Dataset records:
lemma extend_on_intervals:
  fixes p' q' :: "'a::linorder \<rightharpoonup> 'a"
  assumes fK: "finite K" and K: "K \<subseteq> consecutive Fx"
    and pi: "partial_iso d p'" "partial_iso d q'"
    and step: "\<And>a b P Q. (a,b) \<in> K \<Longrightarrow> partial_iso d P \<Longrightarrow> partial_iso d Q \<Longrightarrow>
        p' \<subseteq>\<^sub>m P \<Longrightarrow> q' \<subseteq>\<^sub>m Q \<Longrightarrow> P |` {a..b} = p' |` {a..b} \<Longrightarrow> Q |` {a..b} = q' |` {a..b} \<Longrightarrow>
        \<exists>P2 Q2. P \<subseteq>\<^sub>m P2 \<and> Q \<subseteq>\<^sub>m Q2 \<and> partial_iso d P2 \<and> partial_iso d Q2 \<and>
          dom P2 \<subseteq> dom P \<union> {a<..<b} \<and> dom Q2 \<subseteq> dom Q \<union> {a<..<b} \<and>
          G a b (P2 |` {a..b}) (Q2 |` {a..b})"
  shows "\<exists>P Q. partial_iso d P \<and> partial_iso d Q \<and> p' \<subseteq>\<^sub>m P \<and> q' \<subseteq>\<^sub>m Q \<and>
     dom P \<subseteq> dom p' \<union> (\<Union>(a,b)\<in>K. {a<..<b}) \<and> dom Q \<subseteq> dom q' \<union> (\<Union>(a,b)\<in>K. {a<..<b}) \<and>
     (\<forall>(a,b)\<in>K. G a b (P |` {a..b}) (Q |` {a..b}))"
proof -
  have separate: "\<not> (a \<le> x \<and> x \<le> b)"
    if "(a,b) \<in> K" "(a',b') \<in> K" "(a,b) \<noteq> (a',b')" "a' < x" "x < b'" for a b a' b' x
  proof
    assume "a \<le> x \<and> x \<le> b"
    then have "a = a' \<and> b = b'" using consecutive_unique[of a b Fx a' b' x] that K by blast
    then show False using that(3) by simp
  qed
  have "\<exists>P Q. partial_iso d P \<and> partial_iso d Q \<and> p' \<subseteq>\<^sub>m P \<and> q' \<subseteq>\<^sub>m Q \<and>
     dom P \<subseteq> dom p' \<union> (\<Union>(a,b)\<in>K'. {a<..<b}) \<and> dom Q \<subseteq> dom q' \<union> (\<Union>(a,b)\<in>K'. {a<..<b}) \<and>
     (\<forall>(a,b)\<in>K'. G a b (P |` {a..b}) (Q |` {a..b}))" if "finite K'" "K' \<subseteq> K" for K'
    using that
  proof (induction K' rule: finite_induct)
    case empty
    show ?case using pi by (intro exI[of _ p'] exI[of _ q']) auto
  next
    case (insert ab K')
    obtain a b where ab: "ab = (a,b)" by fastforce
    have abK: "(a,b) \<in> K" and K'K: "K' \<subseteq> K" and new: "(a,b) \<notin> K'"
      using insert.prems insert.hyps(2) ab by auto
    obtain P Q where PQ: "partial_iso d P" "partial_iso d Q" "p' \<subseteq>\<^sub>m P" "q' \<subseteq>\<^sub>m Q"
        "dom P \<subseteq> dom p' \<union> (\<Union>(a,b)\<in>K'. {a<..<b})" "dom Q \<subseteq> dom q' \<union> (\<Union>(a,b)\<in>K'. {a<..<b})"
        "\<forall>(a,b)\<in>K'. G a b (P |` {a..b}) (Q |` {a..b})"
      using insert.IH K'K by blast
    have "x \<notin> {a..b}" if x: "x \<in> (\<Union>(a,b)\<in>K'. {a<..<b})" for x
    proof -
      obtain a' b' where "(a',b') \<in> K'" "a' < x" "x < b'" using x by auto
      then show ?thesis using separate[OF abK, of a' b' x] K'K new by auto
    qed
    then have "P |` {a..b} = p' |` {a..b}" "Q |` {a..b} = q' |` {a..b}"
      using restrict_eq_of_map_le[OF PQ(3) subset_outside[OF PQ(5)]]
        restrict_eq_of_map_le[OF PQ(4) subset_outside[OF PQ(6)]] by blast+
    then obtain P2 Q2 where R: "P \<subseteq>\<^sub>m P2" "Q \<subseteq>\<^sub>m Q2" "partial_iso d P2" "partial_iso d Q2"
        "dom P2 \<subseteq> dom P \<union> {a<..<b}" "dom Q2 \<subseteq> dom Q \<union> {a<..<b}" "G a b (P2 |` {a..b}) (Q2 |` {a..b})"
      using step[OF abK PQ(1-4)] by blast
    have "P2 |` {a'..b'} = P |` {a'..b'} \<and> Q2 |` {a'..b'} = Q |` {a'..b'}" if a'b': "(a',b') \<in> K'" for a' b'
    proof -
      have "x \<notin> {a'..b'}" if "x \<in> {a<..<b}" for x
        using separate[of a' b' a b x] a'b' K'K abK new that by auto
      then show ?thesis
        using restrict_eq_of_map_le[OF R(1) subset_outside[OF R(5)]]
          restrict_eq_of_map_le[OF R(2) subset_outside[OF R(6)]] by blast
    qed
    then have "\<forall>(a,b)\<in>insert ab K'. G a b (P2 |` {a..b}) (Q2 |` {a..b})"
      using PQ(7) R(7) ab by auto
    moreover have "dom P2 \<subseteq> dom p' \<union> (\<Union>(a,b)\<in>insert ab K'. {a<..<b})"
      "dom Q2 \<subseteq> dom q' \<union> (\<Union>(a,b)\<in>insert ab K'. {a<..<b})"
    proof -
      define U where "U = (\<Union>(a,b)\<in>K'. {a<..<b})"
      have eq: "(\<Union>(a,b)\<in>insert ab K'. {a<..<b}) = {a<..<b} \<union> U" unfolding U_def using ab by auto
      show "dom P2 \<subseteq> dom p' \<union> (\<Union>(a,b)\<in>insert ab K'. {a<..<b})"
        "dom Q2 \<subseteq> dom q' \<union> (\<Union>(a,b)\<in>insert ab K'. {a<..<b})"
        unfolding eq using PQ(5,6)[folded U_def] R(5,6) by blast+
    qed
    ultimately show ?case
      using R(3,4) map_le_trans[OF PQ(3) R(1)] map_le_trans[OF PQ(4) R(2)] by blast
  qed
  then show ?thesis using fK by blast
qed

lemma dom_between:
  fixes A B U :: "'a::linorder set"
  assumes "finite B" "A \<subseteq> B" "B \<subseteq> A \<union> U" "\<forall>x\<in>U. \<exists>a\<in>A. \<exists>b\<in>A. a < x \<and> x < b"
  shows "Min B = Min A \<and> Max B = Max A"
proof (cases "A = {}")
  case True
  then have "U = {}" using assms(4) by auto
  then have "B = {}" using assms(3) True by auto
  then show ?thesis using True by simp
next
  case False
  have fA: "finite A" using assms(1,2) finite_subset by blast
  have Bne: "B \<noteq> {}" using False assms(2) by auto
  have "Min B = Min A"
  proof (rule antisym)
    show "Min B \<le> Min A" using assms(1,2) False Bne by (meson Min_antimono)
    have "Min B \<in> B" using assms(1) Bne by simp
    then have "Min B \<in> A \<or> Min B \<in> U" using assms(3) by auto
    then show "Min A \<le> Min B"
    proof
      assume "Min B \<in> A" then show ?thesis using fA by simp
    next
      assume "Min B \<in> U"
      then obtain a where "a \<in> A" "a < Min B" using assms(4) by blast
      then have "a \<in> B" using assms(2) by auto
      then have "Min B \<le> a" using assms(1) by simp
      then show ?thesis using \<open>a < Min B\<close> by simp
    qed
  qed
  moreover have "Max B = Max A"
  proof (rule antisym)
    show "Max A \<le> Max B" using assms(1,2) False by (meson Max_mono)
    have "Max B \<in> B" using assms(1) Bne by simp
    then have "Max B \<in> A \<or> Max B \<in> U" using assms(3) by auto
    then show "Max B \<le> Max A"
    proof
      assume "Max B \<in> A" then show ?thesis using fA by simp
    next
      assume "Max B \<in> U"
      then obtain b where "b \<in> A" "Max B < b" using assms(4) by blast
      then have "b \<in> B" using assms(2) by auto
      then have "b \<le> Max B" using assms(1) by simp
      then show ?thesis using \<open>Max B < b\<close> by simp
    qed
  qed
  ultimately show ?thesis by simp
qed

--- About this task ---
With "Longrightarrow" as the string to find, copy every line of the records that holds it.

--- Expected answer ---
    and step: "\<And>a b P Q. (a,b) \<in> K \<Longrightarrow> partial_iso d P \<Longrightarrow> partial_iso d Q \<Longrightarrow>
        p' \<subseteq>\<^sub>m P \<Longrightarrow> q' \<subseteq>\<^sub>m Q \<Longrightarrow> P |` {a..b} = p' |` {a..b} \<Longrightarrow> Q |` {a..b} = q' |` {a..b} \<Longrightarrow>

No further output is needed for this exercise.